ミニレポート 第103回 国道286号 秋保旧道

所在地 仙台市太白区
探索日 2006.07.07
公開日 2006.07.11

古車が見守るミニ旧道


 国道286号と主要地方道62号仙台山寺線が分岐する地点は、現在では都会的な多重車線の三叉路となっているが、一昔前まで、国道の赤石バイパスが開通するまでは、その分岐地点は1km少々西よりにあった。

 今回は、このミニ旧道をご覧頂こう。





 この探索はきわめて行き当たりばったりに行われた。
ようは、国道286号をチャリで走行中に、現道と並走するようにして別れていく、ご覧の古びたアスファルトを発見。
何所へ通じるのかなどを調べもせず、咄嗟に旧国道であると判断し、進入したのである。

 現道との接点は、この写真の通り緩やかな分岐となっているが、ガードレールに車が通れるような切れ目がないので、事実上廃道である。
旧道敷きには日焼けしたアスファルトが残り、行く手のカーブを予感させる道路ペイントが懐かしさを感じさせる。
最近はあまりこういう道路ペイントって見ないよね。
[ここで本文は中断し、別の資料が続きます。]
(* Let $\bar Q$ be a locally gentle bound quiver, let $F$ be a finite face of the non-kissing complex $\mathcal K_{nk}(\bar Q)$ and let $\alpha$ be an arrow of $Q^{\mathrm{bl}}$. Then the set $F_\alpha$ of walks of $F$ marked at an occurrence of $\alpha^{\pm1}$ is either empty or has a maximal element for the countercurrent order $\prec_\alpha$.
   Context: Locally gentle bound quiver $\bar Q=(Q,I)$: $Q$ finite, $I$ an ideal of $kQ$ generated by paths of length two ($kQ/I$ possibly infinite-dimensional), each vertex with at most two incoming and two outgoing arrows, and for each arrow $\beta$ at most one $\alpha$ with $t(\alpha)=s(\beta)$, $\alpha\beta\notin I$, at most one with $\alpha\beta\in I$, and symmetrically on the outgoing side. $\bar Q^{\mathrm{bl}}$ adds degree-one blossom vertices and arrows so each vertex of $Q_0$ has two incoming and two outgoing arrows, relations completed to stay locally gentle. A walk is a maximal (finite, or eventually cyclic ${}^\infty(c_1^{\varepsilon_1})\sigma(c_2^{\varepsilon_2})^\infty$ with $c_i$ oriented cycles, possibly trivial) string of $\bar Q^{\mathrm{bl}}$, a string being a composable reduced word in arrows and formal inverses with no factor $\pi^{\pm1}$ for a path $\pi\in I$; $\omega\equiv\omega^{-1}$. For $\omega=\prod_{i<\ell<j}\alpha_\ell^{\varepsilon_\ell}$, a substring $\prod_{i'<\ell<j'}\alpha_\ell^{\varepsilon_\ell}$ ($i\le i'<j'\le j$, strict at finite ends, remembered with its position) is on top if ($i'=-\infty$ or $\varepsilon_{i'}=-1$) and ($j'=\infty$ or $\varepsilon_{j'}=1$), at the bottom if ($i'=-\infty$ or $\varepsilon_{i'}=1$) and ($j'=\infty$ or $\varepsilon_{j'}=-1$). $\omega$ kisses $\omega'$ if a finite string is a top substring of $\omega$ and a bottom substring of $\omega'$. Faces of $\mathcal K_{nk}(\bar Q)$ are sets of pairwise non-kissing walks (none kissing itself). A marked walk is a walk together with a marked occurrence of an arrow $\alpha^{\pm1}$ in it; for an infinite straight walk ${}^\infty c^\infty$ all markings at occurrences of $\alpha^{\pm1}$ are considered equal. Countercurrent order: for two distinct non-kissing walks $\mu_\star,\nu_\star$ marked at occurrences of $\alpha^{\pm1}$, let $\sigma$ be their maximal common substring containing the marked occurrence; they split at an endpoint of $\sigma$, and $\mu_\star\prec_\alpha\nu_\star$ if $\mu_\star$ enters and/or exits $\sigma$ in the direction pointed by $\alpha$ while $\nu_\star$ enters and/or exits $\sigma$ in the direction opposite to $\alpha$. *)

theory Defs
  imports Main
begin

text \<open>A bound quiver is given by a vertex set V, an arrow set A, source and target
maps s t, and a set R of paths of length two (pairs (a,b) meaning the path a b,
i.e. first a then b, with t a = s b) generating the ideal I.  Since I is
generated by paths of length two, a path lies in I iff it has a factor in R.\<close>

definition locally_gentle ::
  "'v set \<Rightarrow> 'a set \<Rightarrow> ('a \<Rightarrow> 'v) \<Rightarrow> ('a \<Rightarrow> 'v) \<Rightarrow> ('a \<times> 'a) set \<Rightarrow> bool" where
  "locally_gentle V A s t R \<longleftrightarrow>
     finite V \<and> finite A \<and> (\<forall>a\<in>A. s a \<in> V \<and> t a \<in> V) \<and>
     R \<subseteq> {(a, b). a \<in> A \<and> b \<in> A \<and> t a = s b} \<and>
     (\<forall>v\<in>V. card {a\<in>A. t a = v} \<le> 2 \<and> card {a\<in>A. s a = v} \<le> 2) \<and>
     (\<forall>b\<in>A. card {a\<in>A. t a = s b \<and> (a, b) \<notin> R} \<le> 1 \<and>
             card {a\<in>A. t a = s b \<and> (a, b) \<in> R} \<le> 1) \<and>
     (\<forall>a\<in>A. card {b\<in>A. s b = t a \<and> (a, b) \<notin> R} \<le> 1 \<and>
             card {b\<in>A. s b = t a \<and> (a, b) \<in> R} \<le> 1)"

definition blossoming ::
  "'v set \<Rightarrow> 'a set \<Rightarrow> ('a \<times> 'a) set \<Rightarrow> 'v set \<Rightarrow> 'a set \<Rightarrow> ('a \<times> 'a) set \<Rightarrow>
   ('a \<Rightarrow> 'v) \<Rightarrow> ('a \<Rightarrow> 'v) \<Rightarrow> bool" where
  "blossoming V A R Vb Ab Rb s t \<longleftrightarrow>
     V \<subseteq> Vb \<and> A \<subseteq> Ab \<and> locally_gentle Vb Ab s t Rb \<and> R = Rb \<inter> (A \<times> A) \<and>
     (\<forall>v\<in>V. card {a\<in>Ab. t a = v} = 2 \<and> card {a\<in>Ab. s a = v} = 2) \<and>
     (\<forall>v\<in>Vb - V. card {a\<in>Ab. s a = v} + card {a\<in>Ab. t a = v} = 1) \<and>
     (\<forall>a\<in>Ab - A. (s a \<in> V \<and> t a \<in> Vb - V) \<or> (s a \<in> Vb - V \<and> t a \<in> V))"

text \<open>A letter is an arrow with a sign: (a, True) is the arrow a, (a, False) is
its formal inverse a^{-1}.\<close>

type_synonym 'a letter = "'a \<times> bool"

definition lsrc :: "('a \<Rightarrow> 'v) \<Rightarrow> ('a \<Rightarrow> 'v) \<Rightarrow> 'a letter \<Rightarrow> 'v" where
  "lsrc s t x = (if snd x then s (fst x) else t (fst x))"

definition ltgt :: "('a \<Rightarrow> 'v) \<Rightarrow> ('a \<Rightarrow> 'v) \<Rightarrow> 'a letter \<Rightarrow> 'v" where
  "ltgt s t x = (if snd x then t (fst x) else s (fst x))"

definition linv :: "'a letter \<Rightarrow> 'a letter" where
  "linv x = (fst x, \<not> snd x)"

definition ok_pair ::
  "'a set \<Rightarrow> ('a \<Rightarrow> 'v) \<Rightarrow> ('a \<Rightarrow> 'v) \<Rightarrow> ('a \<times> 'a) set \<Rightarrow> 'a letter \<Rightarrow> 'a letter \<Rightarrow> bool" where
  "ok_pair Ab s t Rb y x \<longleftrightarrow>
     fst y \<in> Ab \<and> fst x \<in> Ab \<and> ltgt s t y = lsrc s t x \<and> x \<noteq> linv y \<and>
     (snd y \<and> snd x \<longrightarrow> (fst y, fst x) \<notin> Rb) \<and>
     (\<not> snd y \<and> \<not> snd x \<longrightarrow> (fst x, fst y) \<notin> Rb)"

text \<open>A (possibly infinite) string is represented by an interval D of integers
(its positions) and the letter at each position; the string is
prod_{l in D} L l.  Walks are identified up to shift of indices and inversion.\<close>

type_synonym 'a walkrep = "int set \<times> (int \<Rightarrow> 'a letter)"

definition is_interval :: "int set \<Rightarrow> bool" where
  "is_interval D \<longleftrightarrow> (\<forall>a b c. a \<in> D \<longrightarrow> c \<in> D \<longrightarrow> a \<le> b \<longrightarrow> b \<le> c \<longrightarrow> b \<in> D)"

definition is_string ::
  "'a set \<Rightarrow> ('a \<Rightarrow> 'v) \<Rightarrow> ('a \<Rightarrow> 'v) \<Rightarrow> ('a \<times> 'a) set \<Rightarrow> 'a walkrep \<Rightarrow> bool" where
  "is_string Ab s t Rb w \<longleftrightarrow>
     fst w \<noteq> {} \<and> is_interval (fst w) \<and> (\<forall>l\<in>fst w. fst (snd w l) \<in> Ab) \<and>
     (\<forall>l. l \<in> fst w \<longrightarrow> l + 1 \<in> fst w \<longrightarrow> ok_pair Ab s t Rb (snd w l) (snd w (l + 1)))"

text \<open>A walk: a maximal string (it cannot be extended at a finite end), whose
infinite ends are eventually periodic with constant direction, i.e. of the form
c^infty (resp. ^infty c) for an oriented cycle c traversed forwards or backwards.\<close>

definition is_walk ::
  "'a set \<Rightarrow> ('a \<Rightarrow> 'v) \<Rightarrow> ('a \<Rightarrow> 'v) \<Rightarrow> ('a \<times> 'a) set \<Rightarrow> 'a walkrep \<Rightarrow> bool" where
  "is_walk Ab s t Rb w \<longleftrightarrow>
     is_string Ab s t Rb w \<and>
     (\<forall>h\<in>fst w. (\<forall>l\<in>fst w. l \<le> h) \<longrightarrow> \<not> (\<exists>x. ok_pair Ab s t Rb (snd w h) x)) \<and>
     (\<forall>h\<in>fst w. (\<forall>l\<in>fst w. h \<le> l) \<longrightarrow> \<not> (\<exists>x. ok_pair Ab s t Rb x (snd w h))) \<and>
     ((\<exists>h\<in>fst w. \<forall>l\<in>fst w. l \<le> h) \<or>
      (\<exists>N p. p > 0 \<and> {N..} \<subseteq> fst w \<and>
         (\<forall>l\<ge>N. snd w (l + p) = snd w l \<and> snd (snd w l) = snd (snd w N)))) \<and>
     ((\<exists>h\<in>fst w. \<forall>l\<in>fst w. h \<le> l) \<or>
      (\<exists>N p. p > 0 \<and> {..N} \<subseteq> fst w \<and>
         (\<forall>l\<le>N. snd w (l - p) = snd w l \<and> snd (snd w l) = snd (snd w N))))"

definition wrev :: "'a walkrep \<Rightarrow> 'a walkrep" where
  "wrev w = (uminus ` fst w, \<lambda>l. linv (snd w (- l)))"

text \<open>The finite substring with letters at positions i < l < j (i, j in D, so that
the bounding letters exist) is on top / at the bottom.\<close>

definition top_at :: "'a walkrep \<Rightarrow> int \<Rightarrow> int \<Rightarrow> bool" where
  "top_at w i j \<longleftrightarrow> i < j \<and> i \<in> fst w \<and> j \<in> fst w \<and>
     \<not> snd (snd w i) \<and> snd (snd w j)"

definition bottom_at :: "'a walkrep \<Rightarrow> int \<Rightarrow> int \<Rightarrow> bool" where
  "bottom_at w i j \<longleftrightarrow> i < j \<and> i \<in> fst w \<and> j \<in> fst w \<and>
     snd (snd w i) \<and> \<not> snd (snd w j)"

text \<open>The substrings of w at (i,j) and of w' at (k,l) are the same string: same
length, same letters and same starting vertex (relevant for empty substrings).\<close>

definition same_sub ::
  "('a \<Rightarrow> 'v) \<Rightarrow> ('a \<Rightarrow> 'v) \<Rightarrow> 'a walkrep \<Rightarrow> int \<Rightarrow> int \<Rightarrow> 'a walkrep \<Rightarrow> int \<Rightarrow> int \<Rightarrow> bool" where
  "same_sub s t w i j w' k l \<longleftrightarrow> j - i = l - k \<and>
     ltgt s t (snd w i) = ltgt s t (snd w' k) \<and>
     (\<forall>m. 0 < m \<longrightarrow> m < j - i \<longrightarrow> snd w (i + m) = snd w' (k + m))"

definition kisses_dir :: "('a \<Rightarrow> 'v) \<Rightarrow> ('a \<Rightarrow> 'v) \<Rightarrow> 'a walkrep \<Rightarrow> 'a walkrep \<Rightarrow> bool" where
  "kisses_dir s t w w' \<longleftrightarrow>
     (\<exists>i j k l. top_at w i j \<and> bottom_at w' k l \<and> same_sub s t w i j w' k l)"

definition kisses :: "('a \<Rightarrow> 'v) \<Rightarrow> ('a \<Rightarrow> 'v) \<Rightarrow> 'a walkrep \<Rightarrow> 'a walkrep \<Rightarrow> bool" where
  "kisses s t w w' \<longleftrightarrow> kisses_dir s t w w' \<or> kisses_dir s t w (wrev w')"

definition nk_face ::
  "'a set \<Rightarrow> ('a \<Rightarrow> 'v) \<Rightarrow> ('a \<Rightarrow> 'v) \<Rightarrow> ('a \<times> 'a) set \<Rightarrow> 'a walkrep set \<Rightarrow> bool" where
  "nk_face Ab s t Rb F \<longleftrightarrow>
     (\<forall>w\<in>F. is_walk Ab s t Rb w) \<and> (\<forall>w\<in>F. \<forall>w'\<in>F. \<not> kisses s t w w')"

text \<open>A walk w marked at position p (an occurrence of alpha^{+-1}) is represented
canonically by re-indexing (and inverting if needed) so that the marked letter is
at position 0 and reads as alpha (positively).\<close>

definition wshift :: "'a walkrep \<Rightarrow> int \<Rightarrow> 'a walkrep" where
  "wshift w p = ((\<lambda>l. l - p) ` fst w, \<lambda>k. snd w (p + k))"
(雪国だと特にね)



 始め仲のよかったカップルがやがて別れるように(?)、100mほど並走した新旧道は明後日の方向へと分かれていく。
ここには複雑なラインの痕跡が残っている。
バイパス工事の途中で数回に分けて道路の付け替えが行われたのだろう。
幾筋ものラインが交錯しているのがいい。

 ここから旧道は左の斜面をカーブしながら下っていく。



 道路の左右には田んぼや倉庫があるので、いまもこの道の利用者はあるだろうが、歩道付き2車線道路に似つかわしいような交通シーンの再現は永遠にないだろう。
掠れたラインと、妙に真新しいように見える立派な青看とのギャップが激しい。



 こういうものは、廃道後に再利用できないものなのだろうか?
おそらく100万円以上するだろう立派な標識が、手持ちぶさたにしている。

 青看に描かれた突き当たりの道は、現在は県道62号線である。
この足元の旧道も、あと僅か200mということになる。
このまま坂を下って終わるのかと、おもいきや……。



 廃道に路駐?

 木陰を選ぶように、ぽつんと停められた一台の乗用車。
なんとなく、車にさして興味のない私の目を誘った。

 おもむろに近付いてみる。



 私にとっては見たこともない車だ。
でも、なんだかレトロな感じが堪らなくイイ。
この場所にあるから「似つかわしい」のだろうか。
いつ頃にこの道が廃道になったのか分からないが、そう古いことではないだろう。
比較的最近までこの車は動いていたのか。
ナンバープレートの「宮」の文字が時代を感じさせる。
取り付けられたエンブレムを見る限り、「GTO」とある。
何だか、聞いたことだけはある車名だ。

 車好きの保土ヶ谷(元・チャリ馬鹿トリオの旧友だ)に写メを送ると、直ぐに返事が来た。

 「なかなか Level たけーな。」 



 妙に心惹かれる発見を後に、徐々に緩まる勾配を下りきると、T字路交差点に行き当たる。
かつて国道は、このまま真っ直ぐ行って、正面の赤石橋を渡ってから現在の県道62号線にぶつかっていた。
橋はいまも現役だが、国道のバイパスに繋がる迂回路(右の道)が使われている。
旧道の出口には、車1台分が通り抜けられるバリケードが設置されている。



 廃道としてのグレードは決して高くないが、なんとなくチャリでブラブラしているときに出会うと嬉しい、思いがけない旧道遭遇であった。
天気のいい日の発見は、本当なんであっても、嬉しいよねー。
チャリの身軽さも、こう言うときにはやっぱりありがたいと思える。
最近は専ら移動は車だっただけに、余計ね。




 こぢんまりとまとまった箱庭的なムードが心憎い赤石橋。
銘板などは失われているが、昭和中頃かそれ以前の架橋と思われる。
形式的には、曲弦ワーレントラス(垂直材付)といった感じなのかな。

で、県道にぶつかったのでレポートは終わり。